Up to and including the line with "fix a assume", please set down the entries below exactly, starting from the first line.

[Stored items]
⟨

lemma quadratic_remainder_quotient_tendsto_zero:
  fixes \<Phi> :: "(nat \<Rightarrow> real) \<Rightarrow> real" and g :: "real \<Rightarrow> nat \<Rightarrow> real"
  assumes quad: "\<And>v. (\<forall>a<m. \<bar>v a\<bar> \<le> \<delta>) \<Longrightarrow>
          \<bar>\<Phi> (\<lambda>a. h a + v a) - \<Phi> h - (\<Sum>a<m. D a * v a)\<bar> \<le> C * (\<Sum>a<m. \<bar>v a\<bar>)\<^sup>2"
    and \<delta>: "\<delta> > 0"
    and g: "\<And>a. a < m \<Longrightarrow> ((\<lambda>s. (g s a - h a) / (s - s0)) \<longlongrightarrow> g' a) (at s0)"
    and g_cont: "\<And>a. a < m \<Longrightarrow> ((\<lambda>s. g s a) \<longlongrightarrow> h a) (at s0)"
  shows "((\<lambda>s. (\<Phi> (g s) - \<Phi> h - (\<Sum>a<m. D a * (g s a - h a))) / (s - s0)) \<longlongrightarrow> 0) (at s0)"
proof -
  define V where "V s = (\<Sum>a<m. \<bar>g s a - h a\<bar>)" for s
  have near: "\<forall>\<^sub>F s in at s0. \<forall>a\<in>{..<m}. \<bar>g s a - h a\<bar> \<le> \<delta>"
  proof (intro eventually_ball_finite ballI)
    fix a assume "a \<in> {..<m}"
    then have "\<forall>\<^sub>F s in at s0. dist (g s a) (h a) < \<delta>" using tendstoD[OF g_cont \<delta>] by auto
    then show "\<forall>\<^sub>F s in at s0. \<bar>g s a - h a\<bar> \<le> \<delta>"
      by eventually_elim (simp add: dist_real_def)
  qed auto
  have bound: "\<forall>\<^sub>F s in at s0. norm ((\<Phi> (g s) - \<Phi> h - (\<Sum>a<m. D a * (g s a - h a))) / (s - s0))
          \<le> C * V s * (\<Sum>a<m. \<bar>(g s a - h a) / (s - s0)\<bar>)"
    using near
  proof eventually_elim
    case (elim s)
    have "\<bar>\<Phi> (g s) - \<Phi> h - (\<Sum>a<m. D a * (g s a - h a))\<bar> \<le> C * (V s)\<^sup>2"
      using quad[of "\<lambda>a. g s a - h a"] elim unfolding V_def by simp
    then have "\<bar>\<Phi> (g s) - \<Phi> h - (\<Sum>a<m. D a * (g s a - h a))\<bar> / \<bar>s - s0\<bar>
          \<le> C * V s * (V s / \<bar>s - s0\<bar>)"
      by (simp add: divide_right_mono power2_eq_square)
    moreover have "(\<Sum>a<m. \<bar>(g s a - h a) / (s - s0)\<bar>) = V s / \<bar>s - s0\<bar>"
      unfolding V_def by (simp add: sum_divide_distrib abs_divide)
    ultimately show ?case by (simp add: abs_divide)
  qed
  have "((\<lambda>s. C * V s * (\<Sum>a<m. \<bar>(g s a - h a) / (s - s0)\<bar>)) \<longlongrightarrow>
                  C * (\<Sum>a<m. \<bar>h a - h a\<bar>) * (\<Sum>a<m. \<bar>g' a\<bar>)) (at s0)"
    unfolding V_def by (intro tendsto_intros g g_cont) auto
  then have "((\<lambda>s. C * V s * (\<Sum>a<m. \<bar>(g s a - h a) / (s - s0)\<bar>)) \<longlongrightarrow> 0) (at s0)"
    by simp
  then show ?thesis by (rule Lim_null_comparison[OF bound])
qed

lemma DERIV_comp_quadratic_approx:
  fixes \<Phi> :: "(nat \<Rightarrow> real) \<Rightarrow> real" and g :: "real \<Rightarrow> nat \<Rightarrow> real"
  assumes quad: "\<And>v. (\<forall>a<m. \<bar>v a\<bar> \<le> \<delta>) \<Longrightarrow>
          \<bar>\<Phi> (\<lambda>a. h a + v a) - \<Phi> h - (\<Sum>a<m. D a * v a)\<bar> \<le> C * (\<Sum>a<m. \<bar>v a\<bar>)\<^sup>2"
    and \<delta>: "\<delta> > 0" and g0: "g s0 = h"
    and g: "\<And>a. a < m \<Longrightarrow> ((\<lambda>s. g s a) has_real_derivative g' a) (at s0)"
  shows "((\<lambda>s. \<Phi> (g s)) has_real_derivative (\<Sum>a<m. D a * g' a)) (at s0)"
proof -
  have quot: "((\<lambda>s. (g s a - h a) / (s - s0)) \<longlongrightarrow> g' a) (at s0)" if "a < m" for a
    using g[OF that] g0 unfolding has_field_derivative_iff by simp
  have cont: "((\<lambda>s. g s a) \<longlongrightarrow> h a) (at s0)" if "a < m" for a
    using DERIV_isCont[OF g[OF that]] g0 unfolding isCont_def by simp
  have "(\<Phi> (g s) - \<Phi> (g s0)) / (s - s0) =
        (\<Sum>a<m. D a * ((g s a - h a) / (s - s0)))
        + (\<Phi> (g s) - \<Phi> h - (\<Sum>a<m. D a * (g s a - h a))) / (s - s0)" for s
  proof -
    have "(\<Sum>a<m. D a * ((g s a - h a) / (s - s0))) = (\<Sum>a<m. D a * (g s a - h a)) / (s - s0)"
      by (simp add: sum_divide_distrib)
    then show ?thesis unfolding g0 by (simp add: diff_divide_distrib)
  qed
  moreover have "((\<lambda>s. (\<Sum>a<m. D a * ((g s a - h a) / (s - s0)))
        + (\<Phi> (g s) - \<Phi> h - (\<Sum>a<m. D a * (g s a - h a))) / (s - s0)) \<longlongrightarrow> (\<Sum>a<m. D a * g' a) + 0) (at s0)"
    by (intro tendsto_add tendsto_sum tendsto_mult tendsto_const quot
        quadratic_remainder_quotient_tendsto_zero[OF quad \<delta> quot cont]) auto
  ultimately show ?thesis unfolding has_field_derivative_iff by simp
qed

section \<open>Exponential families\<close>

lemma exp_mult_sum_abs_le:
  fixes z :: "'a \<Rightarrow> real"
  assumes "finite A" "\<rho> \<ge> 0"
  shows "exp (\<rho> * (\<Sum>a\<in>A. \<bar>z a\<bar>))
           \<le> (\<Sum>X\<in>Pow A. (\<Prod>a\<in>X. exp (\<rho> * z a)) * (\<Prod>a\<in>A - X. exp (- \<rho> * z a)))"
proof -
  have "exp (\<rho> * (\<Sum>a\<in>A. \<bar>z a\<bar>)) = (\<Prod>a\<in>A. exp (\<rho> * \<bar>z a\<bar>))"
    using assms(1) by (simp add: sum_distrib_left exp_sum)
  also have "\<dots> \<le> (\<Prod>a\<in>A. exp (\<rho> * z a) + exp (- \<rho> * z a))"
    using assms(2)
    by (intro prod_mono) (auto simp: abs_if add_increasing add_increasing2)
  also have "\<dots> = (\<Sum>X\<in>Pow A. (\<Prod>a\<in>X. exp (\<rho> * z a)) * (\<Prod>a\<in>A - X. exp (- \<rho> * z a)))"
    by (rule prod_add) (rule assms(1))
  finally show ?thesis .
qed

locale exp_family =
  fixes \<nu> :: "'y measure" and m :: nat and t :: "'y \<Rightarrow> nat \<Rightarrow> real"
  assumes measurable_t: "\<And>a. a < m \<Longrightarrow> (\<lambda>y. t y a) \<in> borel_measurable \<nu>"
begin

abbreviation Pr :: "(nat \<Rightarrow> real) \<Rightarrow> 'y measure" where
  "Pr h \<equiv> expfam \<nu> m t h"

definition tnorm :: "'y \<Rightarrow> real" where
  "tnorm y = (\<Sum>a<m. \<bar>t y a\<bar>)"

definition weight :: "(nat \<Rightarrow> real) \<Rightarrow> 'y \<Rightarrow> real" where
  "weight h y = exp (tdot m t y h)"

definition Z :: "(nat \<Rightarrow> real) \<Rightarrow> real" where
  "Z h = enn2real (partition_int \<nu> m t h)"

definition interior_radius :: "(nat \<Rightarrow> real) \<Rightarrow> real \<Rightarrow> bool" where
  "interior_radius h e \<longleftrightarrow>
     e > 0 \<and> (\<forall>h'. (\<forall>a<m. \<bar>h' a - h a\<bar> < e) \<longrightarrow> h' \<in> nat_param_space \<nu> m t)"

lemma measurable_tdot [measurable]: "(\<lambda>y. tdot m t y h) \<in> borel_measurable \<nu>"
  unfolding tdot_def using measurable_t by measurable

lemma measurable_tnorm [measurable]: "tnorm \<in> borel_measurable \<nu>"
  unfolding tnorm_def using measurable_t by measurable

lemma measurable_weight [measurable]: "weight h \<in> borel_measurable \<nu>"
  unfolding weight_def by measurable

lemma weight_pos: "weight h y > 0"
  unfolding weight_def by simp

lemma tnorm_nonneg: "tnorm y \<ge> 0"
  unfolding tnorm_def by (simp add: sum_nonneg)

lemma abs_t_le_tnorm: "a < m \<Longrightarrow> \<bar>t y a\<bar> \<le> tnorm y"
  unfolding tnorm_def by (rule member_le_sum) auto

lemma abs_t_le_one_plus_tnorm: "a < m \<Longrightarrow> \<bar>t y a\<bar> \<le> 1 + tnorm y"
  using abs_t_le_tnorm[of a y] by simp

lemma abs_tdot_le_tnorm:
  assumes "\<forall>a<m. \<bar>v a\<bar> \<le> d"
  shows "\<bar>tdot m t y v\<bar> \<le> tnorm y * d" and "\<bar>tdot m t y v\<bar> \<le> tnorm y * (\<Sum>a<m. \<bar>v a\<bar>)"
proof -
  have "\<bar>tdot m t y v\<bar> \<le> (\<Sum>a<m. \<bar>t y a\<bar> * \<bar>v a\<bar>)"
    unfolding tdot_def by (rule order_trans[OF sum_abs]) (simp add: abs_mult)
  moreover have "(\<Sum>a<m. \<bar>t y a\<bar> * \<bar>v a\<bar>) \<le> tnorm y * d"
    unfolding tnorm_def sum_distrib_right using assms by (intro sum_mono mult_left_mono) auto
  moreover have "(\<Sum>a<m. \<bar>t y a\<bar> * \<bar>v a\<bar>) \<le> tnorm y * (\<Sum>a<m. \<bar>v a\<bar>)"
    unfolding tnorm_def sum_distrib_right by (intro sum_mono mult_left_mono member_le_sum) auto
  ultimately show "\<bar>tdot m t y v\<bar> \<le> tnorm y * d" "\<bar>tdot m t y v\<bar> \<le> tnorm y * (\<Sum>a<m. \<bar>v a\<bar>)"
    by linarith+
qed

lemma weight_add: "weight (\<lambda>a. h a + v a) y = weight h y * exp (tdot m t y v)"
  unfolding weight_def tdot_def by (simp add: distrib_left sum.distrib exp_add)
(* Let $F_a(x,u,\partial u,\ldots,\partial^Nu)=0$, $a=1,\ldots,M$, be a system of differential equations for $u=(u^1,\ldots,u^m)$ with solution space $\mathcal{E}$, admitting an adjoint-symmetry $Q^a(x,u,\partial u,\ldots,\partial^su)$, i.e. $(\delta^*_QF)_\alpha|_{\mathcal{E}}=0$, and let $P^\alpha(x,u,\partial u,\ldots,\partial^ru)$ be the characteristic of a local symmetry, i.e. $(\delta_PF)_a|_{\mathcal{E}}=0$. Let $L=v^aF_a$ with auxiliary variables $v^a$, and let $\Phi^i(P;L)$ be the Noether conserved current of the extended Euler–Lagrange system $F_a=0$, $(\delta^*_vF)_\alpha=0$ associated with the extension of the symmetry, defined through $\delta_P L = P^\alpha E_{u^\alpha}(L)+D_i\Phi^i(P;L)$ (Fréchet derivative in $u$ only, explicitly $\Phi^i(P;L)=\Psi^i(P,v;F)$). Then $\Phi^i(P;L)|_{v=Q}$ is equivalent to (indeed equal to) the conserved current $\Psi^i(P,Q;F)$ given by the adjoint-symmetry/symmetry formula $$Q^a(\delta_PF)_a-P^\alpha(\delta^*_QF)_\alpha=D_i\Psi^i(P,Q;F),$$ and $D_i\Psi^i(P,Q;F)|_{\mathcal{E}}=0$.
   Context: Independent variables $x=(x^1,\ldots,x^n)$, dependent variables $u=(u^1,\ldots,u^m)$; summation over repeated indices. Jet coordinates $u^\alpha_I$ for multi-indices $I$; $D_i$ is the total derivative, $D_I=D_{i_1}\cdots D_{i_k}$, $|I|=k$. "On $\mathcal{E}$" means evaluated using the system and its differential consequences. Fréchet derivative $(\delta_wF)_a=\sum_I(D_Iw^\alpha)\partial F_a/\partial u^\alpha_I$; adjoint $(\delta^*_vF)_\alpha=\sum_I(-1)^{|I|}D_I(v^a\partial F_a/\partial u^\alpha_I)$; Euler operator $E_{u^\alpha}(f)=\sum_I(-1)^{|I|}D_I(\partial f/\partial u^\alpha_I)$. The vector $$\Psi^i(w,v;F)=\sum_{k\ge1}\sum_{|J|+|K|=k-1}(-1)^{|K|}(D_Jw^\alpha)\,D_K\Big(v^a\frac{\partial F_a}{\partial u^\alpha_{JKi}}\Big).$$ A symmetry generator $\xi^i\partial_{x^i}+\eta^\alpha\partial_{u^\alpha}$ has characteristic $P^\alpha=\eta^\alpha-\xi^iu^\alpha_i$. In the paper's terminology a system admitting an adjoint-symmetry is called "nonlinearly self-adjoint" in the general sense. *)

theory Defs
  imports "HOL-Analysis.Analysis" "HOL-Library.Multiset"
begin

⟩

» **RESULT FOR THIS EXERCISE**:
lemma quadratic_remainder_quotient_tendsto_zero:
  fixes \<Phi> :: "(nat \<Rightarrow> real) \<Rightarrow> real" and g :: "real \<Rightarrow> nat \<Rightarrow> real"
  assumes quad: "\<And>v. (\<forall>a<m. \<bar>v a\<bar> \<le> \<delta>) \<Longrightarrow>
          \<bar>\<Phi> (\<lambda>a. h a + v a) - \<Phi> h - (\<Sum>a<m. D a * v a)\<bar> \<le> C * (\<Sum>a<m. \<bar>v a\<bar>)\<^sup>2"
    and \<delta>: "\<delta> > 0"
    and g: "\<And>a. a < m \<Longrightarrow> ((\<lambda>s. (g s a - h a) / (s - s0)) \<longlongrightarrow> g' a) (at s0)"
    and g_cont: "\<And>a. a < m \<Longrightarrow> ((\<lambda>s. g s a) \<longlongrightarrow> h a) (at s0)"
  shows "((\<lambda>s. (\<Phi> (g s) - \<Phi> h - (\<Sum>a<m. D a * (g s a - h a))) / (s - s0)) \<longlongrightarrow> 0) (at s0)"
proof -
  define V where "V s = (\<Sum>a<m. \<bar>g s a - h a\<bar>)" for s
  have near: "\<forall>\<^sub>F s in at s0. \<forall>a\<in>{..<m}. \<bar>g s a - h a\<bar> \<le> \<delta>"
  proof (intro eventually_ball_finite ballI)
    fix a assume "a \<in> {..<m}"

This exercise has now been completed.